The following code re-sets the attribute value that describes the string length in the CStringData object. First, get the length of the current string, then get the object pointer of CStringData through GetData (), and modify the nDataLength value in it.
However, the problem is that although we know the cause of the error, we know that when we modify the value indicated by the pointer returned by GetBuffer, we need to call ReleaseBuffer to use other CString operations, we can avoid making this mistake. The answer is no. This is just like everyone who knows a little about programming knows that the new application must be released through delete after it is used.
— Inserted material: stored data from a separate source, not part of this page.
lemma card_edge_image_embedding:
  assumes "f \<in> embeddings U H G"
  shows "card ((\<lambda>e. f ` e) ` H) = card H"
proof (rule card_image, rule inj_onI)
  fix e e' assume "e \<in> H" "e' \<in> H" "f ` e = f ` e'"
  moreover have "inj_on f (\<Union>H)"
    using assms unfolding embeddings_def by auto
  ultimately show "e = e'"
    by (meson Union_upper inj_on_image_eq_iff)
qed

lemma finite_embeddings:
  "finite (\<Union>H) \<Longrightarrow> finite U \<Longrightarrow> finite (embeddings U H F)"
  unfolding embeddings_def by (rule finite_subset[of _ "\<Union>H \<rightarrow>\<^sub>E U"]) (auto intro: finite_PiE)

text \<open>Double counting: each embedding survives in exactly (m - s choose t - s) of the
  t-subsets.\<close>
lemma sum_card_embeddings_subsets:
  fixes H :: "'b set set" and G :: "'a set set"
  assumes hH: "hypergraph H" and fG: "finite G" and fg: "\<And>g. g \<in> G \<Longrightarrow> finite g"
    and tG: "t \<le> card G"
  shows "(\<Sum>S | S \<subseteq> G \<and> card S = t. card (embeddings (\<Union>G) H S)) * (card G choose card H)
    = (card G choose t) * card (embeddings (\<Union>G) H G) * (t choose card H)"
proof -
  define T where "T = {S. S \<subseteq> G \<and> card S = t}"
  define C where "C = embeddings (\<Union>G) H G"
  define covers where "covers f S \<longleftrightarrow> (\<lambda>e. f ` e) ` H \<subseteq> S" for f and S :: "'a set set"
  have fC: "finite C"
    unfolding C_def by (rule finite_embeddings) (use hH fG fg in \<open>auto simp: hypergraph_def\<close>)
  have fT: "finite T"
    using fG by (simp add: T_def)
  have "embeddings (\<Union>G) H S = {f \<in> C. covers f S}" if "S \<in> T" for S
    using that embeddings_subset_eq[of S G "\<Union>G" H] by (simp add: T_def C_def covers_def)
  then have "(\<Sum>S\<in>T. card (embeddings (\<Union>G) H S)) = (\<Sum>S\<in>T. card {f \<in> C. covers f S})"
    by simp
  also have "\<dots> = (\<Sum>f\<in>C. card {S \<in> T. covers f S})"
    by (rule sum_multicount_gen[OF fT fC]) simp
  finally have "(\<Sum>S\<in>T. card (embeddings (\<Union>G) H S)) * (card G choose card H)
      = (\<Sum>f\<in>C. card {S \<in> T. covers f S} * (card G choose card H))"
    by (simp add: sum_distrib_right)
  also have "\<dots> = (\<Sum>f\<in>C. (card G choose t) * (t choose card H))"
  proof (rule sum.cong[OF refl])
    fix f assume f: "f \<in> C"
    have "(\<lambda>e. f ` e) ` H \<subseteq> G"
      using f by (auto simp: C_def embeddings_def)
    moreover have "{S \<in> T. covers f S} = {S. S \<subseteq> G \<and> card S = t \<and> (\<lambda>e. f ` e) ` H \<subseteq> S}"
      by (auto simp: T_def covers_def)
    moreover have "card ((\<lambda>e. f ` e) ` H) = card H"
      using card_edge_image_embedding f by (simp add: C_def)
    ultimately show "card {S \<in> T. covers f S} * (card G choose card H) = (card G choose t) * (t choose card H)"
      using card_supersets_mult_choose[OF fG _ tG, of "(\<lambda>e. f ` e) ` H"] by simp
  qed
  also have "\<dots> = (card G choose t) * card C * (t choose card H)"
    by simp
  finally show ?thesis
    by (simp only: T_def C_def)
qed

lemma exists_subset_few_embeddings:
  fixes H :: "'b set set" and G :: "'a set set"
  assumes hH: "hypergraph H" and fG: "finite G" and fg: "\<And>g. g \<in> G \<Longrightarrow> finite g"
    and tG: "t \<le> card G"
  shows "\<exists>S \<subseteq> G. card S = t \<and>
    card (embeddings (\<Union>G) H S) * (card G choose card H) \<le> card (embeddings (\<Union>G) H G) * (t choose card H)"
proof (rule ccontr)
  define T where "T = {S. S \<subseteq> G \<and> card S = t}"
  define c where "c = card (embeddings (\<Union>G) H G) * (t choose card H)"
  assume "\<not> ?thesis"
  then have less: "c < card (embeddings (\<Union>G) H S) * (card G choose card H)" if "S \<in> T" for S
    using that by (auto simp: T_def c_def not_le)
  have "finite T" "card T = card G choose t"
    using fG n_subsets[OF fG] by (simp_all add: T_def)
  then have "T \<noteq> {}"
    using tG by auto
  have "card T * c = (\<Sum>S\<in>T. c)"
    by simp
  also have "\<dots> < (\<Sum>S\<in>T. card (embeddings (\<Union>G) H S) * (card G choose card H))"
    by (rule sum_strict_mono[OF \<open>finite T\<close> \<open>T \<noteq> {}\<close> less])
  also have "\<dots> = card T * c"
    unfolding sum_distrib_right[symmetric] T_def
    using sum_card_embeddings_subsets[OF hH fG fg tG] \<open>card T = card G choose t\<close>
    by (simp add: T_def c_def mult.assoc)
  finally show False
    by simp
qed

lemma restrict_in_embeddings:
  assumes inj: "inj_on f (\<Union>H)" and edges: "\<And>e. e \<in> H \<Longrightarrow> f ` e \<in> F" and FG: "F \<subseteq> G"
  shows "restrict f (\<Union>H) \<in> embeddings (\<Union>G) H F"
proof -
  have img: "restrict f (\<Union>H) ` e = f ` e" if "e \<in> H" for e
    using that by (intro image_cong) auto
  have "f v \<in> \<Union>G" if "v \<in> \<Union>H" for v
    using that edges FG by blast
  then show ?thesis
    using inj edges img by (simp add: embeddings_def restrict_PiE_iff)
qed

lemma card_le_ex_hyp:
  assumes "finite G" "F \<subseteq> G" "\<not> has_copy H F"
  shows "card F \<le> ex_hyp G H"
  unfolding ex_hyp_def
proof (rule Max_ge)
  have "{card F | F. F \<subseteq> G \<and> \<not> has_copy H F} \<subseteq> card ` Pow G"
    by auto
  then show "finite {card F | F. F \<subseteq> G \<and> \<not> has_copy H F}"
    using assms(1) by (rule finite_subset[OF _ finite_imageI[OF finite_Pow_iff[THEN iffD2]]])
  show "card F \<in> {card F | F. F \<subseteq> G \<and> \<not> has_copy H F}"
    using assms(2,3) by blast
qed

text \<open>Deleting the image of one fixed edge under every embedding into S destroys all
  copies of H.\<close>
lemma card_diff_card_embeddings_le_ex_hyp:
  fixes H :: "'b set set" and G :: "'a set set"
  assumes hH: "hypergraph H" and Hne: "H \<noteq> {}" and fG: "finite G" and fg: "\<And>g. g \<in> G \<Longrightarrow> finite g"
    and SG: "S \<subseteq> G"
  shows "card S - card (embeddings (\<Union>G) H S) \<le> ex_hyp G H"
proof -
  obtain e\<^sub>0 where e\<^sub>0: "e\<^sub>0 \<in> H"
    using Hne by blast
  define R where "R = (\<lambda>f. f ` e\<^sub>0) ` embeddings (\<Union>G) H S"
  have fin: "finite (embeddings (\<Union>G) H S)"
    by (rule finite_embeddings) (use hH fG fg in \<open>auto simp: hypergraph_def\<close>)
  have "\<not> has_copy H (S - R)"
  proof
    assume "has_copy H (S - R)"
    then obtain f where inj: "inj_on f (\<Union>H)" and im: "\<And>e. e \<in> H \<Longrightarrow> f ` e \<in> S - R"
      unfolding has_copy_def hvertices_def by blast
    have "restrict f (\<Union>H) \<in> embeddings (\<Union>G) H S"
      using im by (intro restrict_in_embeddings[OF inj _ SG]) blast
    moreover have "restrict f (\<Union>H) ` e\<^sub>0 = f ` e\<^sub>0"
      using e\<^sub>0 by (intro image_cong) auto
    ultimately have "f ` e\<^sub>0 \<in> R"
      unfolding R_def by (metis imageI)
    then show False
      using im[OF e\<^sub>0] by blast
  qed
  then have "card (S - R) \<le> ex_hyp G H"
    using SG by (intro card_le_ex_hyp[OF fG]) auto
  moreover have "card S - card (embeddings (\<Union>G) H S) \<le> card (S - R)"
    using diff_card_le_card_Diff[of R S] card_image_le[OF fin, of "\<lambda>f. f ` e\<^sub>0"] fin
    unfolding R_def by simp
  ultimately show ?thesis
    by linarith
qed

lemma ex_hyp_deletion_bound:
  fixes H :: "'b set set" and G :: "'a set set"
  assumes hH: "hypergraph H" and Hne: "H \<noteq> {}" and fG: "finite G" and fg: "\<And>g. g \<in> G \<Longrightarrow> finite g"
    and tG: "t \<le> card G"
  shows "(real t - real (ex_hyp G H)) * real (card G choose card H)
    \<le> real (card (embeddings (\<Union>G) H G)) * real (t choose card H)"
proof -
  obtain S where S: "S \<subseteq> G" "card S = t"
    and few: "card (embeddings (\<Union>G) H S) * (card G choose card H) \<le> card (embeddings (\<Union>G) H G) * (t choose card H)"
    using exists_subset_few_embeddings[OF hH fG fg tG] by blast
  have "real t - real (ex_hyp G H) \<le> real (card (embeddings (\<Union>G) H S))"
    using card_diff_card_embeddings_le_ex_hyp[OF hH Hne fG fg S(1)] S(2) by linarith
  then have "(real t - real (ex_hyp G H)) * real (card G choose card H)
      \<le> real (card (embeddings (\<Union>G) H S)) * real (card G choose card H)"
    by (rule mult_right_mono) simp
  also have "\<dots> \<le> real (card (embeddings (\<Union>G) H G)) * real (t choose card H)"
    using few by (simp flip: of_nat_mult)
  finally show ?thesis .
qed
Although it is very simple, finally, the actual result is that the memory leakage occurs due to the forgotten call of delete.
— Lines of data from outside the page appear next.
lemma pnorm_Qmap_le:
  fixes y :: "real^'m"
  assumes p: "1 \<le> p"
  shows "pnorm p (Qmap y) \<le> qnorm_value p CARD('m) * pnorm p y"
  using p
proof (cases rule: ereal_ge1_cases)
  case 1
  define M where "M = pnorm \<infinity> y"
  have M: "\<bar>y $ j\<bar> \<le> M" for j unfolding M_def by (rule abs_component_le_pnorm_infinity)
  have "\<bar>Qmap y $ i\<bar> \<le> real CARD('m) * M" for i
  proof (cases i)
    case None
    have "\<bar>\<Sum>j\<in>UNIV. y $ j\<bar> \<le> (\<Sum>j\<in>UNIV. \<bar>y $ j\<bar>)" by (rule sum_abs)
    also have "\<dots> \<le> real CARD('m) * M" using M by (intro sum_bounded_above) auto
    finally show ?thesis using None by simp
  next
    case (Some j)
    have "M \<le> real CARD('m) * M" using M[of j] by (simp add: mult_le_cancel_right1)
    then show ?thesis using Some M[of j] by simp
  qed
  then show ?thesis by (simp add: 1 qnorm_value_def pnorm_infinity_le_iff M_def)
next
  case (2 r)
  define Y where "Y = (\<Sum>j\<in>UNIV. \<bar>y $ j\<bar> powr r)"
  have "(\<Sum>i\<in>UNIV. \<bar>Qmap y $ i\<bar> powr r) = \<bar>\<Sum>j\<in>UNIV. y $ j\<bar> powr r + Y"
    by (simp add: sum_UNIV_option Y_def)
  also have "\<dots> \<le> real CARD('m) powr (r - 1) * Y + Y"
    unfolding Y_def using 2 by (intro add_right_mono abs_sum_powr_le) auto
  finally have "(\<Sum>i\<in>UNIV. \<bar>Qmap y $ i\<bar> powr r) \<le> (real CARD('m) powr (r - 1) + 1) * Y"
    by (simp add: algebra_simps)
  then have "pnorm p (Qmap y) \<le> ((real CARD('m) powr (r - 1) + 1) * Y) powr (1 / r)"
    using 2 by (simp add: pnorm_ereal powr_mono2 sum_nonneg)
  also have "\<dots> = qnorm_value p CARD('m) * pnorm p y"
    using 2 by (simp add: pnorm_ereal qnorm_value_def powr_mult Y_def sum_nonneg)
  finally show ?thesis .
qed

lemma pnorm_Qmap_ones:
  assumes p: "1 \<le> p"
  shows "pnorm p (Qmap (\<chi> i. 1 :: real^'m)) = qnorm_value p CARD('m) * pnorm p (\<chi> i. 1 :: real^'m)"
  using p
proof (cases rule: ereal_ge1_cases)
  case 1
  have "pnorm \<infinity> (\<chi> i. 1 :: real^'m) = 1"
    by (simp add: pnorm_def)
  moreover have "pnorm \<infinity> (Qmap (\<chi> i. 1 :: real^'m)) = real CARD('m)"
  proof (rule antisym)
    show "pnorm \<infinity> (Qmap (\<chi> i. 1 :: real^'m)) \<le> real CARD('m)"
      unfolding pnorm_infinity_le_iff
    proof
      fix i
      show "\<bar>Qmap (\<chi> i. 1 :: real^'m) $ i\<bar> \<le> real CARD('m)"
        by (cases i) (auto simp: Suc_le_eq)
    qed
    show "real CARD('m) \<le> pnorm \<infinity> (Qmap (\<chi> i. 1 :: real^'m))"
      using abs_component_le_pnorm_infinity[of "Qmap (\<chi> i. 1 :: real^'m)" None] by simp
  qed
  ultimately show ?thesis unfolding 1 qnorm_value_def by simp
next
  case (2 r)
  define m where "m = real CARD('m)"
  have m: "m > 0" by (simp add: m_def)
  have "m powr r + m = (m powr (r - 1) + 1) * m" using m by (simp add: powr_diff field_simps)
  then have "(m powr r + m) powr (1 / r) = (m powr (r - 1) + 1) powr (1 / r) * m powr (1 / r)"
    using m by (simp add: powr_mult)
  then show ?thesis
    using 2 by (simp add: pnorm_ereal qnorm_value_def sum_UNIV_option m_def)
qed

lemma Qnorm_eq_qnorm_value:
  assumes p: "1 \<le> p"
  shows "Qnorm p TYPE('m::finite) = qnorm_value p CARD('m)"
  unfolding Qnorm_def
proof (rule cSup_eq_maximum)
  have ones: "(\<chi> i. 1 :: real^'m) \<noteq> 0" by (simp add: vec_eq_iff)
  have "pnorm p (Qmap (\<chi> i. 1 :: real^'m)) = qnorm_value p CARD('m) * pnorm p (\<chi> i. 1 :: real^'m)"
    by (rule pnorm_Qmap_ones[OF p])
  then have "qnorm_value p CARD('m) = pnorm p (Qmap (\<chi> i. 1 :: real^'m)) / pnorm p (\<chi> i. 1 :: real^'m)"
    using pnorm_pos[OF p ones] by simp
  with ones show "qnorm_value p CARD('m) \<in> (\<lambda>y. pnorm p (Qmap y) / pnorm p y) ` {y :: real^'m. y \<noteq> 0}"
    by blast
next
  fix x
  assume "x \<in> (\<lambda>y. pnorm p (Qmap y) / pnorm p y) ` {y :: real^'m. y \<noteq> 0}"
  then obtain y :: "real^'m" where y: "y \<noteq> 0" and x: "x = pnorm p (Qmap y) / pnorm p y" by auto
  show "x \<le> qnorm_value p CARD('m)"
    unfolding x using pnorm_pos[OF p y] pnorm_Qmap_le[OF p, of y] by (simp add: divide_le_eq)
qed

lemma abs_le_if_le_Qmap:
  fixes u :: "real^'m" and w :: "real^('m option)"
  assumes le: "\<And>i. w $ i \<le> Qmap u $ i" and bound: "\<And>i. \<bar>w $ i\<bar> \<le> M"
  shows "\<bar>u $ j\<bar> \<le> real CARD('m) * M"
proof -
  have "M \<le> real CARD('m) * M"
    using bound[of None] by (simp add: mult_le_cancel_right1)
  then have lower: "- (real CARD('m) * M) \<le> u $ j"
    using le[of "Some j"] bound[of "Some j"] by simp
  have "u $ j = - (\<Sum>i\<in>UNIV - {Some j}. Qmap u $ i)"
    using sum_Qmap_eq_0[of u] sum.remove[of UNIV "Some j" "\<lambda>i. Qmap u $ i"] by simp
  also have "\<dots> \<le> - (\<Sum>i\<in>UNIV - {Some j}. w $ i)"
    using le by (simp add: sum_mono)
  also have "\<dots> \<le> (\<Sum>i\<in>UNIV - {Some j}. \<bar>w $ i\<bar>)"
    by (metis abs_ge_minus_self order_trans sum_abs)
  also have "\<dots> \<le> real CARD('m) * M"
    using sum_bounded_above[of "UNIV - {Some j}" "\<lambda>i. \<bar>w $ i\<bar>" M] bound
    by (simp add: card_UNIV_option_minus_Some)
  finally show ?thesis using lower by linarith
qed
In practice, the value returned by GetBuffer is often modified, but the ReleaseBuffer is forgotten to be called for release. Moreover, because this error is not as important as everyone knows new and delete, there is no inspection mechanism to specifically check it, therefore, errors caused by forgetting to call ReleaseBuffer in the final program are carried to the release version.
There are many methods to avoid this error. However, the simplest and most effective way is to avoid this usage. Most of the time, we don't need this method. We can do it using other security methods.
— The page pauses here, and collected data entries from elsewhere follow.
lemma shifted_power_sums_dvd:
  fixes p :: int and t a b :: "'a \<Rightarrow> int"
  assumes prime: "prime p" and not_dvd_3: "\<not> p dvd 3" and "finite A" "card A \<le> 3"
    and inj: "\<forall>x\<in>A. \<forall>y\<in>A. p dvd (t x - t y) \<longrightarrow> x = y"
    and a_low: "\<And>k. k < 2 \<Longrightarrow> p dvd (\<Sum>j\<in>A. a j * t j ^ k)"
    and b_low: "\<And>k. k < 2 \<Longrightarrow> p dvd (\<Sum>j\<in>A. b j * (t j + 1) ^ k)"
    and mixed: "\<And>k. k \<in> {2, 3} \<Longrightarrow> p dvd (\<Sum>j\<in>A. a j * t j ^ k) + (\<Sum>j\<in>A. b j * (t j + 1) ^ k)"
  shows "\<forall>j\<in>A. p dvd a j \<and> p dvd b j"
proof -
  \<comment> \<open>The low power sums of \<open>b\<close> vanish, so \<open>a + b\<close> has three vanishing power sums and is zero;
    then the cubic condition reduces to \<open>3\<close> times the quadratic power sum of \<open>b\<close>.\<close>
  define S where "S f k = (\<Sum>j\<in>A. f j * t j ^ k)" for f k
  have below_3: "k = 0 \<or> k = 1 \<or> k = 2" if "k < 3" for k :: nat using that by auto
  have vanish: "\<forall>j\<in>A. p dvd f j" if "\<And>k. k < 3 \<Longrightarrow> p dvd S f k" for f
    using prime_dvd_coeffs_of_power_sums[OF prime \<open>finite A\<close> inj] that \<open>card A \<le> 3\<close>
    unfolding S_def by simp
  have S_add: "S (\<lambda>j. f j + g j) k = S f k + S g k" for f g k
    unfolding S_def by (simp add: sum.distrib distrib_right)
  have T0: "(\<Sum>j\<in>A. b j * (t j + 1) ^ 0) = S b 0"
    and T1: "(\<Sum>j\<in>A. b j * (t j + 1) ^ 1) = S b 1 + S b 0"
    and T2: "(\<Sum>j\<in>A. b j * (t j + 1) ^ 2) = S b 2 + 2 * S b 1 + S b 0"
    and T3: "(\<Sum>j\<in>A. b j * (t j + 1) ^ 3) = S b 3 + 3 * S b 2 + 3 * S b 1 + S b 0"
    unfolding S_def by (simp_all add: sum.distrib[symmetric] sum_distrib_left algebra_simps
        power2_eq_square power3_eq_cube)
  have b0: "p dvd S b 0" using b_low[of 0] T0 by simp
  have b1: "p dvd S b 1" using b_low[of 1] T1 b0 by (simp add: dvd_add_left_iff)
  define u where "u j = a j + b j" for j
  have "p dvd S u k" if "k < 3" for k
  proof -
    have "k < 2 \<or> k = 2" using that by auto
    moreover have "p dvd S u 2"
    proof -
      have "S u 2 = (S a 2 + (\<Sum>j\<in>A. b j * (t j + 1) ^ 2)) - 2 * S b 1 - S b 0"
        unfolding u_def S_add T2 by simp
      then show ?thesis using mixed[of 2] b0 b1 unfolding S_def[symmetric] by (simp add: dvd_diff)
    qed
    ultimately show ?thesis
      using a_low[unfolded S_def[symmetric]] b0 b1 unfolding u_def S_add
      by (auto simp: less_2_cases_iff)
  qed
  then have u_dvd: "\<forall>j\<in>A. p dvd u j" by (rule vanish)
  then have "p dvd S u 3" unfolding S_def by (simp add: dvd_sum)
  moreover have "3 * S b 2 = (S a 3 + (\<Sum>j\<in>A. b j * (t j + 1) ^ 3)) - S u 3 - 3 * S b 1 - S b 0"
    unfolding T3 u_def S_add by simp
  ultimately have "p dvd 3 * S b 2"
    using mixed[of 3] b0 b1 unfolding S_def[symmetric] by (simp add: dvd_diff)
  then have "p dvd S b 2" using prime not_dvd_3 by (simp add: prime_dvd_mult_iff)
  then have "\<forall>j\<in>A. p dvd b j" using b0 b1 below_3 by (intro vanish) blast
  moreover have "a j = u j - b j" for j unfolding u_def by simp
  ultimately show ?thesis using u_dvd by (simp add: dvd_diff)
qed

section \<open>Vectors of pair weight at most 9\<close>

lemma mod_3_cases:
  fixes q r :: nat
  assumes "q < 3"
  obtains "r mod 3 = q" | "r mod 3 = (q + 1) mod 3" | "r mod 3 = (q + 2) mod 3"
proof -
  have "q = 0 \<or> q = 1 \<or> q = 2" "r mod 3 = 0 \<or> r mod 3 = 1 \<or> r mod 3 = 2"
    using assms mod_less_divisor[of 3 r] by auto
  then show ?thesis using that by fastforce
qed

lemma mod_3_rotate:
  fixes q :: nat
  assumes "q < 3"
  shows "((q + 1) mod 3 + 1) mod 3 = (q + 2) mod 3" "((q + 2) mod 3 + 1) mod 3 = q"
    and "q \<noteq> (q + 1) mod 3" "q \<noteq> (q + 2) mod 3" "(q + 1) mod 3 \<noteq> (q + 2) mod 3"
proof -
  have "q = 0 \<or> q = 1 \<or> q = 2" using assms by auto
  then show "((q + 1) mod 3 + 1) mod 3 = (q + 2) mod 3" "((q + 2) mod 3 + 1) mod 3 = q"
    and "q \<noteq> (q + 1) mod 3" "q \<noteq> (q + 2) mod 3" "(q + 1) mod 3 \<noteq> (q + 2) mod 3"
    by auto
qed

text \<open>\<open>c\<close> stands for the difference of two codewords and \<open>D\<close> for its support; the assumptions are
  the parity checks and a pair weight of at most 9.\<close>

locale small_pair_support =
  fixes p n :: nat and c :: "nat \<Rightarrow> int" and D :: "nat set"
  assumes prime: "prime p" and p_gt_3: "3 < p" and n_eq: "n = 3 * p" and D_sub: "D \<subseteq> {..<n}"
    and class_moment: "\<And>q k. q < 3 \<Longrightarrow> k < 2 \<Longrightarrow> int p dvd (\<Sum>i\<in>{i \<in> D. i mod 3 = q}. c i * int i ^ k)"
    and global_moment: "\<And>k. k \<in> {2, 3} \<Longrightarrow> int p dvd (\<Sum>i\<in>D. c i * int i ^ k)"
    and card_pair_support: "card {i. i < n \<and> (i \<in> D \<or> (i + 1) mod n \<in> D)} \<le> 9"
begin

definition cls :: "nat \<Rightarrow> nat set" where
  "cls q = {i \<in> D. i mod 3 = q}"

definition vanishes :: "nat \<Rightarrow> bool" where
  "vanishes q \<longleftrightarrow> (\<forall>i\<in>cls q. int p dvd c i)"

definition cyc_suc :: "nat \<Rightarrow> nat" where
  "cyc_suc i = (i + 1) mod n"

lemma finite_D: "finite D"
  using D_sub by (rule finite_subset) simp

lemma finite_cls: "finite (cls q)"
  using finite_D by (simp add: cls_def)

lemma cls_subset: "cls q \<subseteq> D"
  by (auto simp: cls_def)

lemma dvd_if_vanishes: "i \<in> D \<Longrightarrow> vanishes (i mod 3) \<Longrightarrow> int p dvd c i"
  by (simp add: vanishes_def cls_def)

lemma cls_moment: "q < 3 \<Longrightarrow> k < 2 \<Longrightarrow> int p dvd (\<Sum>i\<in>cls q. c i * int i ^ k)"
  unfolding cls_def by (rule class_moment)

lemma cls_residues_distinct:
  assumes "i \<in> cls q" "i' \<in> cls q" "int p dvd (int i - int i')"
  shows "i = i'"
proof -
  have "[i = i'] (mod 3)" using assms(1,2) by (simp add: cls_def cong_def)
  moreover have "[i = i'] (mod p)"
    using assms(3) by (simp add: cong_iff_dvd_diff flip: cong_int_iff)
  moreover have "coprime 3 p"
    using prime p_gt_3 by (metis coprime_commute dvd_imp_le not_le prime_imp_coprime zero_less_numeral)
  ultimately have "[i = i'] (mod n)" unfolding n_eq by (simp add: coprime_cong_mult_nat)
  moreover have "i < n" "i' < n" using assms(1,2) D_sub cls_subset by auto
  ultimately show ?thesis using cong_less_modulus_unique_nat by blast
qed

lemma vanishes_on_cls_if_moments:
  assumes "\<And>k. k < card (cls q) \<Longrightarrow> int p dvd (\<Sum>i\<in>cls q. d i * int i ^ k)"
  shows "\<forall>i\<in>cls q. int p dvd d i"
  using prime_dvd_coeffs_of_power_sums[of "int p" "cls q" int d] prime finite_cls
    cls_residues_distinct assms by auto

lemma vanishes_if_card_le_2: "q < 3 \<Longrightarrow> card (cls q) \<le> 2 \<Longrightarrow> vanishes q"
  unfolding vanishes_def using cls_moment by (intro vanishes_on_cls_if_moments) simp

lemma global_moment_on:
  assumes "B \<subseteq> D" "\<And>i. i \<in> D - B \<Longrightarrow> int p dvd c i" "k \<in> {2, 3}"
  shows "int p dvd (\<Sum>i\<in>B. c i * int i ^ k)"
proof -
  have "(\<Sum>i\<in>B. c i * int i ^ k) = (\<Sum>i\<in>D. c i * int i ^ k) - (\<Sum>i\<in>D - B. c i * int i ^ k)"
    using sum.subset_diff[OF assms(1) finite_D, of "\<lambda>i. c i * int i ^ k"] by simp
  moreover have "int p dvd (\<Sum>i\<in>D - B. c i * int i ^ k)"
    by (intro dvd_sum dvd_mult2 assms(2))
  ultimately show ?thesis using global_moment[OF assms(3)] by (simp add: dvd_diff)
qed

lemma vanishes_if_others_vanish:
  assumes q: "q < 3" and "card (cls q) \<le> 4"
    and "vanishes ((q + 1) mod 3)" "vanishes ((q + 2) mod 3)"
  shows "vanishes q"
proof -
  have others: "int p dvd c i" if "i \<in> D - cls q" for i
  proof -
    have "i \<in> D" "i mod 3 \<noteq> q" using that by (auto simp: cls_def)
    with q show ?thesis using assms(3,4) dvd_if_vanishes by (cases rule: mod_3_cases[of q i]) auto
  qed
  have "int p dvd (\<Sum>i\<in>cls q. c i * int i ^ k)" if "k < 4" for k
  proof (cases "k < 2")
    case True
    then show ?thesis using cls_moment q by simp
  next
    case False
    then show ?thesis using that others cls_subset by (intro global_moment_on) auto
  qed
  then show ?thesis unfolding vanishes_def using assms(2) by (intro vanishes_on_cls_if_moments) simp
qed

lemma cyc_suc_less: "cyc_suc i < n"
  unfolding cyc_suc_def using p_gt_3 n_eq by simp

lemma cyc_suc_mod_3: "cyc_suc i mod 3 = (i + 1) mod 3"
  unfolding cyc_suc_def using n_eq by (simp add: mod_mod_cancel)

lemma cyc_suc_cong: "[int (cyc_suc i) = int i + 1] (mod int p)"
proof -
  have "[cyc_suc i = i + 1] (mod p)" unfolding cyc_suc_def cong_def using n_eq by (simp add: mod_mod_cancel)
  then have "[int (cyc_suc i) = int (i + 1)] (mod int p)" by (simp only: cong_int_iff)
  then show ?thesis by (simp add: ac_simps)
qed

lemma cyc_suc_eq:
  assumes "i < n"
  shows "cyc_suc i = (if i + 1 < n then i + 1 else 0)"
proof (cases "i + 1 < n")
  case False
  then have "i + 1 = n" using assms by simp
  then show ?thesis by (simp add: cyc_suc_def)
qed (simp add: cyc_suc_def)

lemma inj_on_cyc_suc: "inj_on cyc_suc {..<n}"
  by (rule inj_onI) (auto simp: cyc_suc_eq split: if_splits)

lemma cyc_suc_image: "cyc_suc ` {..<n} = {..<n}"
  using inj_on_cyc_suc cyc_suc_less by (intro endo_inj_surj) auto

lemma sum_cyc_suc_image_cong:
  assumes "A \<subseteq> {..<n}"
  shows "[(\<Sum>i\<in>cyc_suc ` A. f i * int i ^ k) = (\<Sum>j\<in>A. f (cyc_suc j) * (int j + 1) ^ k)] (mod int p)"
proof -
  have "inj_on cyc_suc A" using inj_on_cyc_suc assms by (rule inj_on_subset)
  then have "(\<Sum>i\<in>cyc_suc ` A. f i * int i ^ k) = (\<Sum>j\<in>A. f (cyc_suc j) * int (cyc_suc j) ^ k)"
    by (simp add: sum.reindex)
  also have "[\<dots> = (\<Sum>j\<in>A. f (cyc_suc j) * (int j + 1) ^ k)] (mod int p)"
    using cyc_suc_cong by (intro cong_sum cong_mult cong_pow cong_refl)
  finally show ?thesis .
qed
For example, the above Code can be written as follows:
CString str1 ("This is the string 1 ");
Int nOldLen = str1.GetLength ();
Str1 = "modified ";
Int nNewLen = str1.GetLength ();
But sometimes it is required, such:
We need to perform some conversions to the strings in a CString object. This conversion is done by calling the function Translate in a dll, but what's terrible is that I don't know why, the parameters of this function use char:
DWORD Translate (char * pSrc, char * pDest, int nsclen, int nDestLen );
At this time, we may need this method:
CString strDest;
Int nDestLen = 100;
DWORD dwRet = Translate (_ strSrc. GetBuffer (_ strSrc. GetLength ()),
StrDest. GetBuffer (nDestLen ),
_ StrSrc. GetLength (), nDestlen );
_ StrSrc. ReleaseBuffer ();
StrDest. ReleaseBuffer ();
If (SUCCESSCALL (dwRet ))
{
}
If (FAILEDCALL (dwRet ))
{
}
Indeed, this situation exists. However, we recommend that you do not use this method as much as possible. If you do need it, do not use a special pointer to save the value returned by GetBuffer, this often makes us forget to call ReleaseBuffer. Just like the above code, we can call ReleaseBuffer immediately after calling GetBuffer to adjust the CString object.
2. LPCTSTR
The error about the LPCTSTR often occurs for beginners.
For example
DWORD Translate (char * pSrc, char * pDest, int nsclen, int nDestLen );
Beginners often use the following methods:
Int nLen = _ strSrc. GetLength ();
DWORD dwRet = Translate (char *) (LPCTSTR) _ strSrc ),
(Char *) (LPCTSTR) _ strSrc ),
NLen,
NLen );
If (SUCCESSCALL (dwRet ))
{
}
If (FAILEDCALL (dwRet ))
{
}
His original intention was to put the converted string in _ strSrc. However, when _ strSrc is used after the Translate is called, it is found that _ strSrc is not working properly. Check the Code but you cannot find the problem.
In fact, this problem is the same as the first one. The CString class has already overloaded the LPCTST. In CString, The LPCTST is actually an operation. The call to the LPCTST is actually similar to GetBuffer, and the first address of the string buffer in the CStringData object is directly returned.
Its C ++ code implementation is:
_ AFX_INLINE CString: operator LPCTSTR () const
{Return m_pchData ;}
Therefore, call ReleaseBuffer () after use ().
But who can see this?
In fact, the essence of this problem lies in the type conversion. The Return Value of the LPCTSTR is a const char * type. Therefore, you cannot use this pointer to call the Translate compilation. For a beginner or a person with a long programming experience, the const char * is converted to char * by force type conversion *. In the end, CString is not working properly, and this can easily cause buffer overflow.
Through the above descriptions of the CString mechanism and some easy-to-use errors, we can better use CString.